Oh gosh there are so many for different reasons.
I would say A New Earth: Awakening to Your Life’s Purpose by Ekhart Tolle. It goes along again with this concept of being present and aware of your own thoughts and how your thoughts create your reality. It talks about being able to check yourself and control what you’re thinking so that you can have a more positive fulfilling reality.
What defines success?
Being who I authentically am, living my joy, and helping other people find theirs.
When is confidence lost?
I think confidence can be lost, but if you want to be successful you can’t lose it for very long.
The times I do lose confidence are when I have certain expectations of what I was going to be able to accomplish and I wasn’t able to. But I think one of my strong suits is that I look at every lesson as a blessing. I’ll give myself 24 hours. For 24 hours I’m going to cry it out, I’m going to sulk in my mood, I’m going to have a pity party and play the victim role, but then it’s like “Alright. I’m done.

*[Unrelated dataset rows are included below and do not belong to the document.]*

lemma card_monos_in_Suc:
  assumes "finite N" "t \<in> N"
  shows "card (monos_in N (Suc d)) = card (monos_in (N - {t}) (Suc d)) + card (monos_in N d)"
proof -
  have "monos_in N (Suc d) = {w \<in> monos_in N (Suc d). w t = 0} \<union> {w \<in> monos_in N (Suc d). 0 < w t}"
    by auto
  then have "monos_in N (Suc d) = monos_in (N - {t}) (Suc d) \<union> inc_exp t ` monos_in N d"
    unfolding monos_in_exp_zero[OF assms] monos_in_exp_pos[OF assms] .
  moreover have "monos_in (N - {t}) (Suc d) \<inter> inc_exp t ` monos_in N d = {}"
    using monos_in_zero[of _ "N - {t}" "Suc d" t] by (fastforce simp: inc_exp_def)
  ultimately show ?thesis
    using finite_monos_in[of N] finite_monos_in[of "N - {t}"] assms(1)
    by (simp add: card_Un_disjoint card_inc_exp_image)
qed

lemma card_monos_in:
  assumes "finite N" "card N = Suc m"
  shows "card (monos_in N d) = (d + m) choose m"
  using assms
proof (induction m arbitrary: N d)
  case 0
  then obtain t where "N = {t}" using card_1_singletonE by auto
  then show ?case by (simp add: monos_in_singleton)
next
  case (Suc m N d)
  obtain t where t: "t \<in> N" using Suc.prems by fastforce
  have "card (monos_in (N - {t}) e) = (e + m) choose m" for e
    using Suc.IH[of "N - {t}"] Suc.prems t by simp
  then show ?case
    by (induction d) (simp_all add: monos_in_0 Suc.prems(1) card_monos_in_Suc[OF Suc.prems(1) t]
        binomial_Suc_Suc)
qed

lemma mem_mul_vars: "y \<in> mul_vars N V \<longleftrightarrow> (\<exists>j\<in>N. \<exists>v\<in>V. y = inc_exp j v)"
  by (auto simp: mul_vars_def mmul_var)

lemma mul_vars_eq_image: "mul_vars N V = (\<lambda>(j, v). inc_exp j v) ` (N \<times> V)"
  unfolding set_eq_iff mem_mul_vars by force

lemma finite_mul_vars: "finite N \<Longrightarrow> finite V \<Longrightarrow> finite (mul_vars N V)"
  by (simp add: mul_vars_eq_image)

lemma mul_vars_monos_in:
  "finite N \<Longrightarrow> V \<subseteq> monos_in N d \<Longrightarrow> mul_vars N V \<subseteq> monos_in N (Suc d)"
  by (auto simp: mem_mul_vars intro!: inc_exp_monos_in)

lemma mul_vars_Un: "mul_vars N (A \<union> B) = mul_vars N A \<union> mul_vars N B"
  unfolding set_eq_iff Un_iff mem_mul_vars by blast

lemma mul_vars_mono: "V \<subseteq> V' \<Longrightarrow> N \<subseteq> N' \<Longrightarrow> mul_vars N V \<subseteq> mul_vars N' V'"
  unfolding subset_iff mem_mul_vars by blast

lemma mul_vars_empty [simp]: "mul_vars N {} = {}" "mul_vars {} V = {}"
  by (auto simp: mul_vars_def)

lemma mul_vars_insert: "mul_vars (insert s N) V = inc_exp s ` V \<union> mul_vars N V"
  unfolding set_eq_iff Un_iff image_iff mem_mul_vars by blast

lemma mul_vars_mmul_image: "mul_vars N (mmul c ` A) = mmul c ` mul_vars N A"
  unfolding mul_vars_eq_image by (force simp: inc_exp_mmul)

lemma mul_vars_monos_in_eq:
  assumes "finite N" "N \<noteq> {}"
  shows "mul_vars N (monos_in N d) = monos_in N (Suc d)"
proof
  show "mul_vars N (monos_in N d) \<subseteq> monos_in N (Suc d)"
    using assms by (intro mul_vars_monos_in) auto
  show "monos_in N (Suc d) \<subseteq> mul_vars N (monos_in N d)"
  proof
    fix y assume y: "y \<in> monos_in N (Suc d)"
    have "\<exists>k\<in>N. 0 < y k"
    proof (rule ccontr)
      assume "\<not> (\<exists>k\<in>N. 0 < y k)"
      then have "(\<Sum>k\<in>N. y k) = 0" by simp
      then show False using monos_in_sum[OF y] by simp
    qed
    then obtain k where k: "k \<in> N" "0 < y k" by blast
    moreover have "dec_exp k y \<in> monos_in N d" using dec_exp_monos_in(1)[OF assms(1) k(2) y] by simp
    ultimately show "y \<in> mul_vars N (monos_in N d)"
      unfolding mem_mul_vars by (auto intro!: bexI[of _ k] bexI[of _ "dec_exp k y"] simp: inc_dec_exp)
  qed
qed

What am I going to do about it?”
Which buzzword is exhausted?
I guess “diversity and inclusion.” I think they’ve lost their meaning and their power. They’re just words at this point. They haven’t translated so much into action. Really what these words are saying is just “Be kind to other people. Love other people. Just see the humanity in everyone.” But they’re buzzwords now that people like to tack onto pledges like, “Oh, I’m down for the cause now.”
I guess another buzzword is definitely “woke.” People are like, “Oh, I’m woke now. I totally understand the injustices of the world da da da.” I think it’s diminishing the meaning because I don’t think the realization of injustices and inequities is really translating over into action and concrete changes.

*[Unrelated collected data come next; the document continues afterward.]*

(* Let $G$ be a bipartite graph with bipartition $(X,Y)$, $|X| = n\geq 2$, $|Y|=m$, every $x\in X$ having degree at least $\delta$, and let $(C,x)$ be a tight pair in $G$. If $2 \leq |N(x)\cap V(C)| < |Y\cap V(C)|$ and $n \leq \delta$, then $m \geq 3\delta - 4$.
   Context: A tight pair in $G$ is a pair $(C,x)$ where $C$ is a longest cycle in $G$ and $x \in X \setminus V(C)$, chosen such that $|N(x)\cap V(C)|$ is maximum over all pairs $(C',x')$ with $C'$ a longest cycle in $G$ and $x' \in X\setminus V(C')$. *)

theory Defs
  imports Main
begin

definition bipartite_graph :: "'a set \<Rightarrow> 'a set \<Rightarrow> ('a \<Rightarrow> 'a \<Rightarrow> bool) \<Rightarrow> bool" where
  "bipartite_graph X Y E \<longleftrightarrow> finite X \<and> finite Y \<and> X \<inter> Y = {} \<and>
     (\<forall>u v. E u v \<longrightarrow> E v u) \<and>
     (\<forall>u v. E u v \<longrightarrow> (u \<in> X \<and> v \<in> Y) \<or> (u \<in> Y \<and> v \<in> X))"

definition nbhd :: "('a \<Rightarrow> 'a \<Rightarrow> bool) \<Rightarrow> 'a \<Rightarrow> 'a set" where
  "nbhd E v = {u. E v u}"

text \<open>A cycle is given by the cyclic list of its (distinct) vertices, of length at least 3;
  consecutive vertices (cyclically) are adjacent. V(C) = set C, length of C = length C.\<close>
definition is_cycle :: "'a set \<Rightarrow> ('a \<Rightarrow> 'a \<Rightarrow> bool) \<Rightarrow> 'a list \<Rightarrow> bool" where
  "is_cycle V E C \<longleftrightarrow> length C \<ge> 3 \<and> distinct C \<and> set C \<subseteq> V \<and>
     (\<forall>i < length C. E (C ! i) (C ! ((i + 1) mod length C)))"

definition longest_cycle :: "'a set \<Rightarrow> ('a \<Rightarrow> 'a \<Rightarrow> bool) \<Rightarrow> 'a list \<Rightarrow> bool" where
  "longest_cycle V E C \<longleftrightarrow> is_cycle V E C \<and>
     (\<forall>C'. is_cycle V E C' \<longrightarrow> length C' \<le> length C)"

definition tight_pair :: "'a set \<Rightarrow> 'a set \<Rightarrow> ('a \<Rightarrow> 'a \<Rightarrow> bool) \<Rightarrow> 'a list \<Rightarrow> 'a \<Rightarrow> bool" where
  "tight_pair X Y E C x \<longleftrightarrow> longest_cycle (X \<union> Y) E C \<and> x \<in> X - set C \<and>
     (\<forall>C' x'. longest_cycle (X \<union> Y) E C' \<and> x' \<in> X - set C' \<longrightarrow>
        card (nbhd E x' \<inter> set C') \<le> card (nbhd E x \<inter> set C))"

end

theory Submission
  imports Defs
begin

(* Index C periodically from a neighbour of x, so that its Y-vertices sit at the even
   positions; C has 2k vertices, x has d neighbours on it, and n <= delta forces k < delta.
   Let a_1, ..., a_d be the successors on C of the neighbours of x. Since C is longest, the
   off-cycle neighbourhoods of x, a_1, ..., a_d are pairwise disjoint subsets of Y - V(C);
   since the pair is tight, every vertex of C that can be exchanged for x in a longest cycle
   has at most d neighbours on C. Counting Y therefore gives
     m >= k + (delta - d) + d (delta - k) + M,
   where M is the number of non-adjacent pairs (a_i, y) with y in Y on C. Exchange arguments
   along the arcs between consecutive neighbours of x bound M from below (by k - d, and by
   k - 2 when d >= 3) unless a "free crossing" exists, whose off-cycle neighbourhood supplies
   another delta - d vertices of Y. In every case the count reaches 3 delta - 4. *)

lemma successively_upt: "(\<And>i. P i (Suc i)) \<Longrightarrow> successively P [a..<b]"
  by (auto simp: successively_conv_nth)

lemma is_cycleI:
  assumes "3 \<le> length xs" "distinct xs" "set xs \<subseteq> V" "successively E xs" "E (last xs) (hd xs)"
  shows "is_cycle V E xs"
  unfolding is_cycle_def
proof (intro conjI allI impI)
  fix i assume i: "i < length xs"
  show "E (xs ! i) (xs ! ((i + 1) mod length xs))"
  proof (cases "Suc i < length xs")
    case True then show ?thesis using successively_nth[OF assms(4) True] by simp
  next
    case False
    then have "i = length xs - 1" using i by simp
    moreover have "xs \<noteq> []" using assms(1) by auto
    ultimately show ?thesis using assms(5) i by (simp add: last_conv_nth hd_conv_nth)
  qed
qed (use assms in auto)

lemma is_cycle_rotate:
  assumes "is_cycle V E C"
  shows "is_cycle V E (rotate m C)"
  unfolding is_cycle_def
proof (intro conjI allI impI)
  let ?L = "length C"
  have L3: "3 \<le> ?L" and edge: "\<And>i. i < ?L \<Longrightarrow> E (C ! i) (C ! ((i + 1) mod ?L))"
    using assms unfolding is_cycle_def by auto
  then have L_pos: "0 < ?L" by linarith
  fix i assume "i < length (rotate m C)"
  then have "rotate m C ! i = C ! ((m + i) mod ?L)"
    and "rotate m C ! ((i + 1) mod length (rotate m C)) = C ! (((m + i) mod ?L + 1) mod ?L)"
    using L_pos by (simp_all add: nth_rotate mod_add_right_eq mod_Suc_eq)
  then show "E (rotate m C ! i) (rotate m C ! ((i + 1) mod length (rotate m C)))"
    using edge[of "(m + i) mod ?L"] L_pos by simp
qed (use assms in \<open>auto simp: is_cycle_def\<close>)

lemma tight_pair_rotate:
  assumes "tight_pair X Y E C x" "y \<in> set C"
  obtains C' where "tight_pair X Y E C' x" "set C' = set C" "C' ! 0 = y"
proof -
  obtain i where i: "i < length C" "C ! i = y" using assms(2) by (metis in_set_conv_nth)
  have "is_cycle (X \<union> Y) E (rotate i C)"
    using assms(1) is_cycle_rotate unfolding tight_pair_def longest_cycle_def by blast
  then have "tight_pair X Y E (rotate i C) x"
    using assms(1) unfolding tight_pair_def longest_cycle_def by simp
  moreover have "rotate i C ! 0 = y" using i by (subst nth_rotate) auto
  ultimately show thesis using that by simp
qed

lemma card_add_card_le_of_separated:
  fixes A B S :: "nat set"
  assumes "finite S" "A \<subseteq> S" "B \<subseteq> S" "\<And>p q. p \<in> A \<Longrightarrow> q \<in> B \<Longrightarrow> q \<le> p"
  shows "card A + card B \<le> card S + 1"
proof -
  have fin: "finite A" "finite B" using assms(1-3) by (auto intro: finite_subset)
  have "card (A \<inter> B) \<le> 1"
    using assms(4) fin by (auto simp: card_le_Suc0_iff_eq intro: le_antisym)
  moreover have "card (A \<union> B) \<le> card S" using assms by (intro card_mono) auto
  moreover have "card (A \<union> B) + card (A \<inter> B) = card A + card B" using fin by (rule card_Un_Int[symmetric])
  ultimately show ?thesis by linarith
qed

lemma add_le_mult_add_2:
  fixes h d e :: nat
  assumes "2 \<le> h" "d \<le> h + e" "1 \<le> e"
  shows "d + e \<le> h * e + 2"
proof (cases "d \<le> e + 2")
  case True
  have "2 * e \<le> h * e" using assms(1) by simp
  then show ?thesis using True by linarith
next
  case False
  have "0 \<le> (int e - 1) * (int d - int e - 2)" using False assms(3) by simp
  then have "int (d + e) \<le> int ((d - e) * e + 2)" using False by (simp add: of_nat_diff algebra_simps)
  moreover have "(d - e) * e \<le> h * e" using assms(2) by (intro mult_right_mono) simp_all
  ultimately show ?thesis by linarith
qed

locale rooted_tight_pair =
  fixes X Y :: "'a set" and E :: "'a \<Rightarrow> 'a \<Rightarrow> bool" and C :: "'a list" and x :: 'a
  assumes bipartite: "bipartite_graph X Y E"
    and tight: "tight_pair X Y E C x"
    and root: "E x (C ! 0)"
begin

definition L where "L = length C"
definition cyc where "cyc i = C ! (i mod L)"
definition d where "d = card (nbhd E x \<inter> set C)"
definition k where "k = L div 2"

lemma edge_sym: "E u v \<Longrightarrow> E v u"
  using bipartite unfolding bipartite_graph_def by blast

lemma disjoint_XY: "X \<inter> Y = {}"
  using bipartite unfolding bipartite_graph_def by blast

lemma finite_X: "finite X" and finite_Y: "finite Y"
  using bipartite unfolding bipartite_graph_def by auto

lemma edge_in_V: "E u v \<Longrightarrow> u \<in> X \<union> Y"
  using bipartite unfolding bipartite_graph_def by blast

lemma edge_X_Y: "E u v \<Longrightarrow> u \<in> X \<Longrightarrow> v \<in> Y"
  using bipartite disjoint_XY unfolding bipartite_graph_def by blast

lemma edge_Y_X: "E u v \<Longrightarrow> u \<in> Y \<Longrightarrow> v \<in> X"
  using bipartite disjoint_XY unfolding bipartite_graph_def by blast

lemma nbhd_subset_Y: "v \<in> X \<Longrightarrow> nbhd E v \<subseteq> Y"
  unfolding nbhd_def using edge_X_Y by blast

lemma finite_nbhd: "finite (nbhd E v)"
proof -
  have "nbhd E v \<subseteq> X \<union> Y" unfolding nbhd_def using edge_in_V edge_sym by blast
  then show ?thesis using finite_X finite_Y finite_subset by blast
qed

lemma x_in_X: "x \<in> X" and x_notin_C: "x \<notin> set C"
  using tight unfolding tight_pair_def by auto

lemma tight_bound:
  "longest_cycle (X \<union> Y) E C' \<Longrightarrow> x' \<in> X - set C' \<Longrightarrow> card (nbhd E x' \<inter> set C') \<le> d"
  using tight unfolding tight_pair_def d_def by blast

lemma C_is_cycle: "is_cycle (X \<union> Y) E C"
  using tight unfolding tight_pair_def longest_cycle_def by blast

lemma length_le_L: "is_cycle (X \<union> Y) E C' \<Longrightarrow> length C' \<le> L"
  using tight unfolding tight_pair_def longest_cycle_def L_def by blast

lemma L_ge_3: "3 \<le> L" and distinct_C: "distinct C" and set_C_subset: "set C \<subseteq> X \<union> Y"
  using C_is_cycle unfolding is_cycle_def L_def by auto

lemma L_pos: "0 < L"
  using L_ge_3 by simp

lemma card_set_C: "card (set C) = L"
  using distinct_C L_def by (simp add: distinct_card)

What virtues do others have that you don’t?
Probably patience. Which is funny because I said that I’m empathetic. But I think patience. I have a very high standard that I hold myself to, and I think by consequence I tend to hold other people to that standard. Sometimes I think I need to realize that everyone is on their own journey and everyone has to go through their own experiences to have their own set of realizations.
We all have our own life curriculum that we have to go through. Even though you want to interject yourself into someone’s story and try to fix it for them, they have to go through what they have to go through to have the breakthrough that they need to get to the next level of their lives.

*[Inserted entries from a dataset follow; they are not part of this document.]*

lemma area_system_solution:
  fixes x y E L A G T :: "'a::comm_ring_1"
  assumes e: "E = 1 + (x + y) * E + x * y * E ^ 2"
    and l: "L = (x + y) * (E + L) + x * y * ((L + 2 * E) * E + E * L)"
    and a: "A = (x + y) * A + x * y * ((L + A + E) * E + E * A)"
    and g: "G = 1 + (x + y) * G + 2 * x * y * E * G"
    and t: "T = (x + y) * T + 2 * x * y * ((L + A + E) * G + E * T)"
  shows "T * (x^2 - 2*x*y + y^2 - 2*x - 2*y + 1)^2 = 2*x*y"
proof -
  txt \<open>\<open>K\<close> inverts \<open>G\<close>, and \<open>K\<^sup>2\<close> is the discriminant of the quadratic equation for \<open>E\<close>.\<close>
  define K where "K = 1 - (x + y) - 2 * x * y * E"
  have EK: "E * (K + x * y * E) = 1" using e unfolding K_def by (simp add: algebra_simps power2_eq_square)
  have KL: "K * (L + E) = E" using l unfolding K_def by (simp add: algebra_simps)
  have KA: "K * A = x * y * E * (L + E)" using a unfolding K_def by (simp add: algebra_simps)
  have KG: "K * G = 1" using g unfolding K_def by (simp add: algebra_simps)
  have KT: "K * T = 2 * x * y * G * (L + E + A)" using t unfolding K_def by (simp add: algebra_simps)
  have KK: "K * K = x^2 - 2*x*y + y^2 - 2*x - 2*y + 1"
  proof -
    have "K * K = (1 - (x + y))^2 - 4 * x * y * (E * (1 - (x + y)) - x * y * E * E)"
      unfolding K_def by (simp add: algebra_simps power2_eq_square)
    also have "E * (1 - (x + y)) - x * y * E * E = 1" using EK unfolding K_def by (simp add: algebra_simps)
    finally show ?thesis by (simp add: algebra_simps power2_eq_square)
  qed
  have KKS: "K * K * (L + E + A) = 1"
  proof -
    have "K * K * (L + E + A) = K * (K * (L + E)) + K * (K * A)" by (simp add: algebra_simps)
    also have "\<dots> = K * E + K * (x * y * E * (L + E))" using KL KA by simp
    also have "\<dots> = K * E + x * y * E * (K * (L + E))" by (simp add: algebra_simps)
    also have "\<dots> = E * (K + x * y * E)" using KL by (simp add: algebra_simps)
    finally show ?thesis using EK by simp
  qed
  have "T * (K * K)^2 = 2 * x * y * (K * G) * (K * K * (L + E + A))"
    using KT by (simp add: algebra_simps power2_eq_square)
  then show ?thesis using KG KKS KK by simp
qed

lemma fps_fps_mult_inverse:
  fixes f :: "'a::field fps fps"
  assumes "f $ 0 $ 0 \<noteq> 0"
  shows "f * inverse f = 1"
proof -
  have "f $ 0 * inverse (f $ 0) = 1" using assms by (rule inverse_mult_eq_1')
  then have "f * fps_right_inverse f (inverse (f $ 0)) = 1" by (rule fps_right_inverse)
  then show ?thesis by (simp add: fps_inverse_def)
qed

lemma wiener_gf_eq_bridge_area_gf: "wiener_gf = bridge_area_gf"
proof (rule fps_ext, rule fps_ext)
  fix k m
  have "real (dP m k) = real_of_int (\<Sum>w \<in> {w \<in> bridges. xdeg w = m \<and> ydeg w = k}. area 0 w)"
    by (metis dP_eq_sum_area of_int_of_nat_eq)
  then show "wiener_gf $ k $ m = bridge_area_gf $ k $ m"
    by (simp add: wiener_gf_def bridge_area_gf_def bgf_nth)
qed

theorem theorem1p1:
  shows "wiener_gf =
    2 * fpsx * fpsy *
      inverse ((fpsx ^ 2 - 2 * fpsx * fpsy + fpsy ^ 2 - 2 * fpsx - 2 * fpsy + 1) ^ 2)"
proof -
  let ?D = "(fpsx ^ 2 - 2 * fpsx * fpsy + fpsy ^ 2 - 2 * fpsx - 2 * fpsy + 1 :: real fps fps) ^ 2"
  have "?D $ 0 $ 0 = 1" by (simp add: power2_eq_square fps_mult_nth numeral_fps_const)
  then have inv: "?D * inverse ?D = 1" by (intro fps_fps_mult_inverse) simp
  have "wiener_gf = bridge_area_gf * (?D * inverse ?D)"
    by (simp only: wiener_gf_eq_bridge_area_gf inv mult_1_right)
  also have "\<dots> = bridge_area_gf * ?D * inverse ?D"
    by (rule mult.assoc[symmetric])
  also have "bridge_area_gf * ?D = 2 * fpsx * fpsy"
    by (rule area_system_solution[OF motzkin_gf_eq motzkin_length_gf_eq motzkin_area_gf_eq
          bridge_gf_eq bridge_area_gf_eq])
  finally show ?thesis .
qed

end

So I think the attribute that I hope to have that other people have is patience for other peoples’ journeys.
What impact do you want to leave behind?
The impact I want to leave behind is that I helped other people become their most fully expressed selves. I helped them break the paradigm that this society has set in place– telling you that you must be this, or that you must do this by this age. Helping other people think for themselves and become critical thinkers with the end goal of helping them be fully realized beings.
What’s the biggest problem tech is failing to solve?
It’s my buzzword, for sure, which is diversity and inclusion. But I think a bigger problem is lack of empathy. Empathy is, like I said, being able to walk a day in another person’s shoes, and being able to see the world through their eyes. But empathy also promotes pro-social helping behavior. When you can actually feel something for another being then you’re more likely to help that person.
I feel like there are a lot of insular networks that exist. Like 92 percent of white social networks are white. It’s very similar for other demographics, but that’s by far the most insular. And so if you are not conversing with, hanging out with, really getting to know– even outside of work– people from different groups and walks of life, you’re not giving yourself a chance to feel empathy for them. By consequence when you get into the work place you’re not really thinking about them. You’re not thinking about them in your hiring practices, in your promotional practices, or in the products that you’re developing. I would say one of the biggest things it’s failing on is empathy and just seeing other people and valuing them and feeling for them.
Editorial Note: Answers edited for brevity and clarity.